In the photographs of the mirror one can see that not all segments have the exact same color. This is due to dust, which gathers on the reflecting surfaces over time. As the cleaning process cannot be performed for the entire mirror at once, the workers at the telescope exchange one segment for a clean one at a time. The dusty segment is then taken to a workshop on the ground floor of the building, where it is cleaned. Sometimes there is damage to the reflective aluminum coating of a segment, and even that can be taken care of in the workshop. There is a vacuum chamber that allows for re-coating. In fact I saw a segment with all reflective material removed, waiting for a new layer of aluminum. The segments are made of Zerodur®, a glass-ceramic that has a very low coefficient of thermal expansion. A similar material, made by the same company (Schott in Germany) is used for the well-known Ceran® cooking surfaces.

A mirror segment that has been stripped of its reflective aluminum coating.
It will be re-coated in GRANTECAN's own vacuum chamber.

My plan for the evening was to take some pictures of the outside again as I knew the sun would be setting behind the GRANTECAN building. But the weather didn’t seem to play along as it had in the morning. The wind was so strong that I trouble getting out of my car. The telescope dome was in the clouds that were racing by and could only be seen for a few seconds every other minute or so. The astronomical app on my smartphone showed that the sun had just disappeared behind the horizon. As I was just about to leave, the sky suddenly cleared and presented a wonderful view of the structure between layers of scattered clouds.

Panoramic view of the GRANTECAN site (composite of 9 images).
The Eagle Nebula (M16) as seen by the GRANTECAN.
Image courtesy of Instituto de Astrofísica de Canarias.

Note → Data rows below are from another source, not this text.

(* Let $d\ge 4$ and let $\alpha(x,y)$ be a very general binary form of degree $d$ over $\mathbb{C}$ (i.e. outside a countable union of proper subvarieties of the space of binary forms of degree $d$). Then the binary forms $h(x,y)$ (of any degree) satisfying $T(\alpha,h)=0$ are exactly the linear combinations of: $1$ (in degree 0); $x$ and $y$ (in degree 1); $\alpha_1$ and $\alpha_2$ (in degree $d-1$); and $\alpha$ (in degree $d$). In particular, for any degree other than $0,1,d-1,d$, the only such $h$ is $h=0$.
   Context: For binary forms $\alpha(x,y)$, $h(x,y)$ write $\alpha_1=\partial\alpha/\partial x$, $\alpha_2=\partial\alpha/\partial y$, $\alpha_{112}=\partial^3\alpha/\partial x^2\partial y$, etc., and similarly for $h$. Define $T(\alpha,h)=h_{11}(\alpha_{112}\alpha_{222}-\alpha_{122}^2)+h_{12}(\alpha_{112}\alpha_{122}-\alpha_{111}\alpha_{222})+h_{22}(\alpha_{111}\alpha_{122}-\alpha_{112}^2).$ *)

theory Defs
  imports "HOL-Analysis.Analysis"
begin

definition bform :: "nat \<Rightarrow> (nat \<Rightarrow> complex) \<Rightarrow> complex \<Rightarrow> complex \<Rightarrow> complex" where
  "bform n c = (\<lambda>x y. \<Sum>i\<le>n. c i * x ^ i * y ^ (n - i))"

definition D1 :: "(complex \<Rightarrow> complex \<Rightarrow> complex) \<Rightarrow> complex \<Rightarrow> complex \<Rightarrow> complex" where
  "D1 f = (\<lambda>x y. deriv (\<lambda>t. f t y) x)"

definition D2 :: "(complex \<Rightarrow> complex \<Rightarrow> complex) \<Rightarrow> complex \<Rightarrow> complex \<Rightarrow> complex" where
  "D2 f = (\<lambda>x y. deriv (\<lambda>t. f x t) y)"

definition Top :: "(complex \<Rightarrow> complex \<Rightarrow> complex) \<Rightarrow> (complex \<Rightarrow> complex \<Rightarrow> complex)
    \<Rightarrow> complex \<Rightarrow> complex \<Rightarrow> complex" where
  "Top a h = (\<lambda>x y.
     let a111 = D1 (D1 (D1 a)) x y; a112 = D2 (D1 (D1 a)) x y;
         a122 = D2 (D2 (D1 a)) x y; a222 = D2 (D2 (D2 a)) x y;
         h11 = D1 (D1 h) x y; h12 = D2 (D1 h) x y; h22 = D2 (D2 h) x y
     in h11 * (a112 * a222 - a122 ^ 2) + h12 * (a112 * a122 - a111 * a222)
        + h22 * (a111 * a122 - a112 ^ 2))"

definition poly_fun :: "nat \<Rightarrow> ((nat \<Rightarrow> complex) \<Rightarrow> complex) \<Rightarrow> bool" where
  "poly_fun n P \<longleftrightarrow> (\<exists>M coef. finite M \<and>
     P = (\<lambda>c. \<Sum>m\<in>M. coef m * (\<Prod>i\<le>n. c i ^ m i)))"

definition proper_subvariety :: "nat \<Rightarrow> (nat \<Rightarrow> complex) set \<Rightarrow> bool" where
  "proper_subvariety n V \<longleftrightarrow> V \<noteq> UNIV \<and>
     (\<exists>S. (\<forall>P\<in>S. poly_fun n P) \<and> V = {c. \<forall>P\<in>S. P c = 0})"

definition very_general :: "nat \<Rightarrow> ((nat \<Rightarrow> complex) \<Rightarrow> bool) \<Rightarrow> bool" where
  "very_general n Q \<longleftrightarrow> (\<exists>V :: nat \<Rightarrow> (nat \<Rightarrow> complex) set.
     (\<forall>k. proper_subvariety n (V k)) \<and> (\<forall>c. c \<notin> (\<Union>k. V k) \<longrightarrow> Q c))"

end

theory Submission
  imports Defs "Jordan_Normal_Form.Determinant"
begin

text \<open>Write h = \<Sum>_p b_p x^p y^(e-p). Every coefficient of T(\<alpha>, h) is linear in b and
  quadratic in the coefficients of \<alpha>, so the solutions h of degree e form the kernel of a
  matrix M(\<alpha>). The identity T(\<alpha>, \<alpha>_1) = 0, its analogue for \<alpha>_2 (equality of mixed
  partials) and, via Euler's identity, T(\<alpha>, \<alpha>) = 0 exhibit the expected solutions.
  For \<alpha> = x^2 y^(d-2) the matrix M(\<alpha>) is diagonal, and its entry at p is
  -2(d-2)^2 Q(p, e-p) for an explicit quadratic Q that vanishes only at p = 2 when e = d and
  at p = 1, 2 when e = d - 1. Replacing those rows by unit rows yields a square matrix whose
  determinant, times the minor of the expected solutions at those coordinates, is a
  polynomial in the coefficients of \<alpha> that does not vanish at x^2 y^(d-2). Off its zero set
  any solution, minus the suitable combination of expected solutions, vanishes at the
  pinned coordinates and hence everywhere. One such polynomial per degree e \<ge> 2 gives the
  countably many proper subvarieties.\<close>

section \<open>Partial derivatives of binary forms\<close>

text \<open>(\<partial>/\<partial>x)^r (\<partial>/\<partial>y)^s (x^i y^(n-i)) = deriv_weight r s n i * x^(i-r) y^(n-i-s)\<close>
definition deriv_weight :: "nat \<Rightarrow> nat \<Rightarrow> nat \<Rightarrow> nat \<Rightarrow> complex" where
  "deriv_weight r s n i = (\<Prod>k<r. of_nat (i - k)) * (\<Prod>k<s. of_nat (n - i - k))"

definition bform_deriv :: "nat \<Rightarrow> nat \<Rightarrow> nat \<Rightarrow> (nat \<Rightarrow> complex) \<Rightarrow> complex \<Rightarrow> complex \<Rightarrow> complex" where
  "bform_deriv r s n c = (\<lambda>x y. \<Sum>i\<le>n. c i * deriv_weight r s n i * x ^ (i - r) * y ^ (n - i - s))"

lemma bform_eq_bform_deriv: "bform n c = bform_deriv 0 0 n c"
  by (simp add: bform_def bform_deriv_def deriv_weight_def)

lemma deriv_weight_Suc_left: "deriv_weight (Suc r) s n i = deriv_weight r s n i * of_nat (i - r)"
  by (simp add: deriv_weight_def)

lemma deriv_weight_Suc_right: "deriv_weight r (Suc s) n i = deriv_weight r s n i * of_nat (n - i - s)"
  by (simp add: deriv_weight_def)

lemma deriv_weight_nonzeroD:
  assumes "deriv_weight r s n i \<noteq> 0"
  shows "r \<le> i" "s \<le> n - i"
proof -
  show "r \<le> i"
  proof (rule ccontr)
    assume "\<not> r \<le> i"
    then have "(\<Prod>k<r. of_nat (i - k) :: complex) = 0"
      by (intro prod_zero bexI[of _ i]) auto
    with assms show False by (simp add: deriv_weight_def)
  qed
  show "s \<le> n - i"
  proof (rule ccontr)
    assume "\<not> s \<le> n - i"
    then have "(\<Prod>k<s. of_nat (n - i - k) :: complex) = 0"
      by (intro prod_zero bexI[of _ "n - i"]) auto
    with assms show False by (simp add: deriv_weight_def)
  qed
qed

lemma deriv_weight_nonzeroE:
  assumes "deriv_weight r s n k \<noteq> 0" and "k \<le> n"
  obtains u v where "k = r + u" and "n = k + s + v"
proof -
  have "k = r + (k - r)" and "n = k + s + (n - k - s)"
    using deriv_weight_nonzeroD[OF assms(1)] assms(2) by linarith+
  then show thesis by (rule that)
qed

lemma D1_bform_deriv: "D1 (bform_deriv r s n c) = bform_deriv (Suc r) s n c"
proof (intro ext)
  fix x y :: complex
  have "((\<lambda>t. \<Sum>i\<le>n. c i * deriv_weight r s n i * t ^ (i - r) * y ^ (n - i - s)) has_field_derivative
      (\<Sum>i\<le>n. c i * deriv_weight r s n i * (of_nat (i - r) * (1 * x ^ (i - r - Suc 0))) * y ^ (n - i - s))) (at x)"
    by (intro DERIV_sum DERIV_cmult DERIV_cmult_right DERIV_power DERIV_ident)
  then show "D1 (bform_deriv r s n c) x y = bform_deriv (Suc r) s n c x y"
    by (simp add: D1_def bform_deriv_def deriv_weight_Suc_left DERIV_imp_deriv mult_ac)
qed

lemma D2_bform_deriv: "D2 (bform_deriv r s n c) = bform_deriv r (Suc s) n c"
proof (intro ext)
  fix x y :: complex
  have "((\<lambda>t. \<Sum>i\<le>n. c i * deriv_weight r s n i * x ^ (i - r) * t ^ (n - i - s)) has_field_derivative
      (\<Sum>i\<le>n. c i * deriv_weight r s n i * x ^ (i - r) * (of_nat (n - i - s) * (1 * y ^ (n - i - s - Suc 0))))) (at y)"
    by (intro DERIV_sum DERIV_cmult DERIV_power DERIV_ident)
  then show "D2 (bform_deriv r s n c) x y = bform_deriv r (Suc s) n c x y"
    by (simp add: D2_def bform_deriv_def deriv_weight_Suc_right DERIV_imp_deriv mult_ac)
qed

lemma bform_deriv_euler:
  "x * bform_deriv (Suc r) s n c x y + y * bform_deriv r (Suc s) n c x y
     = of_nat (n - r - s) * bform_deriv r s n c x y"
  unfolding bform_deriv_def sum_distrib_left sum.distrib[symmetric]
proof (intro sum.cong refl)
  fix i assume "i \<in> {..n}"
  then have "i \<le> n" by simp
  let ?m = "c i * deriv_weight r s n i * x ^ (i - r) * y ^ (n - i - s)"
  have px: "x * x ^ (i - Suc r) * of_nat (i - r) = x ^ (i - r) * (of_nat (i - r) :: complex)"
    by (cases "r < i") (auto simp: Suc_diff_Suc simp flip: power_Suc)
  have py: "y * y ^ (n - i - Suc s) * of_nat (n - i - s) = y ^ (n - i - s) * (of_nat (n - i - s) :: complex)"
    by (cases "s < n - i") (auto simp: Suc_diff_Suc simp flip: power_Suc)
  have "x * (c i * deriv_weight (Suc r) s n i * x ^ (i - Suc r) * y ^ (n - i - s))
      = c i * deriv_weight r s n i * y ^ (n - i - s) * (x * x ^ (i - Suc r) * of_nat (i - r))"
    by (simp add: deriv_weight_Suc_left mult_ac)
  also have "\<dots> = of_nat (i - r) * ?m"
    unfolding px by (simp add: mult_ac)
  finally have dx: "x * (c i * deriv_weight (Suc r) s n i * x ^ (i - Suc r) * y ^ (n - i - s))
      = of_nat (i - r) * ?m" .
  have "y * (c i * deriv_weight r (Suc s) n i * x ^ (i - r) * y ^ (n - i - Suc s))
      = c i * deriv_weight r s n i * x ^ (i - r) * (y * y ^ (n - i - Suc s) * of_nat (n - i - s))"
    by (simp add: deriv_weight_Suc_right mult_ac)
  also have "\<dots> = of_nat (n - i - s) * ?m"
    unfolding py by (simp add: mult_ac)
  finally have dy: "y * (c i * deriv_weight r (Suc s) n i * x ^ (i - r) * y ^ (n - i - Suc s))
      = of_nat (n - i - s) * ?m" .
  have "of_nat (i - r) * ?m + of_nat (n - i - s) * ?m = of_nat (n - r - s) * ?m"
  proof (cases "deriv_weight r s n i = 0")
    case False
    note bounds = deriv_weight_nonzeroD[OF False]
    have "n - r - s = (i - r) + (n - i - s)"
      using bounds \<open>i \<le> n\<close> by linarith
    then show ?thesis by (simp add: distrib_right)
  qed simp
  then show "x * (c i * deriv_weight (Suc r) s n i * x ^ (i - Suc r) * y ^ (n - i - s))
      + y * (c i * deriv_weight r (Suc s) n i * x ^ (i - r) * y ^ (n - i - Suc s))
    = of_nat (n - r - s) * ?m"
    unfolding dx dy .
qed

Due to the high winds the telescope could not be used while I was there. I think there are some great visual opportunities when the dome is open (which is actually the case on 75% of winter nights; I really had bad luck), so be prepared for a sequel to this article as soon as I can get back to GRANTECAN.

My thanks go to the great team at the Gran Telescopio Canarias, especially Nieves Castro Rodríguez who provided lots of information and was extraordinarily patient with the photographer's wishes and ideas.